Screw everybody... not literally, though.

Well, I was right about one thing. Libby wasn't dead... I mean, not at that exact moment. So yay. Then she, you know, copped it just before she was about to reveal Michael as her killer. Boo. But Eko's not dead, which, really, I was more concerned about.

Enough about LOST, though. I do almost have a life outside of TV... almost.

Still hitting the auditions and mailings. Still nothing coming of it. Well, except that sketch comedy show pilot. But I've done stuff like that before and it hasn't amounted to much, so I will just have fun and see what it brings... if anything.

As you can read, I'm in one of my pessimistic moods again. It was brought on by an instance of fat-discrimination. As you all know, my body and I have this love/hate relationship. I really do try to love myself as I am and I almost succeed, then the world around me turns it around.

See, I went ot this audition, which I thought of as more of a meeting, for a cabaret night in LA (sort of glorified karaoke with a piano). The guy gives me some feedback and says we'll work on getting the right song for me for a future show and sends me on my way with promises to fax me something. This is all fine.

Then the very friend who pointed me to him calls me and reveals all the mean shit he said about me to her. Like about how I didn't listen to his advice (What advice? It wasn't like he had me try a song again in a different way or gave me any advice during our time togther. All he said was that I had an old-school kind of voice and we had to find the right song for it). Then he went on about how I sounded like I hadn't been singing in a while (which I even told him). But his biggest complaint? My weight. He said my size was a problem and that I didn't dress right for it with a great deal of venom.

Of course, my friend would tell me this (after a lot of insistence by me). So why would he say it? From the way she told it, he sounded pissed. What exactly about? Do fat people just piss him off in general?
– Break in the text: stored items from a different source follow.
lemma gap_reflect:
  assumes "1 \<le> i" "i \<le> M"
  shows "r (M + 1 - i) - r (M + 1 - i - 1) = r i - r (i - 1)"
proof -
  have "M + 1 - i = M - (i - 1)" "M + 1 - i - 1 = M - i"
    using assms by auto
  then show ?thesis
    using reflect[of "i - 1"] reflect[of i] assms by simp
qed

lemma sum_frac_neg_left_endpoints:
  "(\<Sum>i=1..M. if r i - r (i - 1) \<ge> d then frac (- (real N * r (i - 1))) else 0) =
   (\<Sum>i=1..M. if r i - r (i - 1) \<ge> d then frac (real N * r i) else 0)"
proof -
  define f where "f i = (if r i - r (i - 1) \<ge> d then frac (- (real N * r (i - 1))) else 0)" for i
  have "f (M + 1 - i) = (if r i - r (i - 1) \<ge> d then frac (real N * r i) else 0)"
    if "i \<in> {1..M}" for i
  proof -
    have endpoint: "r (M + 1 - i - 1) = 1 - r i"
      using reflect[of i] that by simp
    have "- (real N * r (M + 1 - i - 1)) = real N * r i + of_int (- int N)"
      unfolding endpoint by (simp add: algebra_simps)
    then have "frac (- (real N * r (M + 1 - i - 1))) = frac (real N * r i)"
      by (simp only: frac_add_of_int_right)
    then show ?thesis
      using gap_reflect[of i] that unfolding f_def by simp
  qed
  then show ?thesis
    unfolding f_def[symmetric] by (subst sum.atLeastAtMost_rev) (rule sum.cong, simp_all)
qed

lemma sum_B1_between_long_gaps:
  "(\<Sum>i=1..M - 1. if r i - r (i - 1) \<ge> d \<and> r (i + 1) - r i \<ge> d then B1 (real N * r i) else 0) = 0"
proof -
  define f where
    "f i = (if r i - r (i - 1) \<ge> d \<and> r (i + 1) - r i \<ge> d then B1 (real N * r i) else 0)" for i
  have f_reflect: "f (M - i) = - f i" if "i \<in> {1..M - 1}" for i
  proof -
    have i: "i + 1 \<le> M" "1 \<le> i" using that by auto
    then have "r (M - i) - r (M - i - 1) = r (i + 1) - r i"
      using gap_reflect[of "i + 1"] by simp
    moreover have "r (M - i + 1) - r (M - i) = r i - r (i - 1)"
      using gap_reflect[of i] i by (simp add: Suc_diff_le)
    moreover have "B1 (real N * r (M - i)) = - B1 (real N * r i)"
      using reflect[of i] B1_int_minus[of "real N" "real N * r i"] i
      by (simp add: right_diff_distrib)
    ultimately show ?thesis unfolding f_def by simp
  qed
  have "(\<Sum>i=1..M - 1. f i) = (\<Sum>i=1..M - 1. f (M - i))"
    by (rule sum.reindex_bij_witness[where i="\<lambda>i. M - i" and j="\<lambda>i. M - i"]) auto
  also have "\<dots> = - (\<Sum>i=1..M - 1. f i)"
    by (simp add: f_reflect sum_negf)
  finally show ?thesis unfolding f_def by simp
qed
Then I started analyzing every moment and wondering what exactly I did wrong because he could not be so superficial as to keep me out of his cabaret night (unpaid, by the way) just for being fat. But, from what my friend said, that was the gist of it.

My first response is always to blame myself. But I've decided not to do that.

I'm too fat to sing at an unpaid night of glorified karaoke? Screw that.

So now (in the interest of not latting my self-esteem take its habitual nose-dives), I will list some f***ing great things I've done recently --- even though I'm fat:

Got to top 44 on Idol. Considering all I had working against me (all that hideous weight) that's fantastic.

Got a rare compliment form Simon when they were cutting me at top 24 (the nailing the "Bat Out Of Hell" thing).

Inspired Paula's confidence enough that she cut a tape of me together and sent it in for the Hairspray movie, which she in no way had to do.

At that same audition, got a callback where I was up against Carly Jibson (a genuine Broadway star). If that's not good company, what is?

At the callback, Craid Zadan told me I had a great voice. He's worked with Bette Midler and Liza Minelli.

And the main thing working against me with that part? My age and my height. Things I can't help.

Just got a sketch comedy pilot.

So... instead of letting these things get to me, I'm going to remember those things. I will repeat them to myself every time someone puts forth an effort to make me feel small.

I'm just so sick of being so retiring and people-pleasing and I don't want to be humble and afraid of saying I've done anything well for fear of jinxing things. And over-analyzing just everything after the fact. I am going to stop that. I am going to be more confident. At my age, shy adolescent is not a flattering shade. I'm going to be a damned woman and start wearing my life, even my fat body.

And screw everyone who tries to make me feel like I should fade into the background!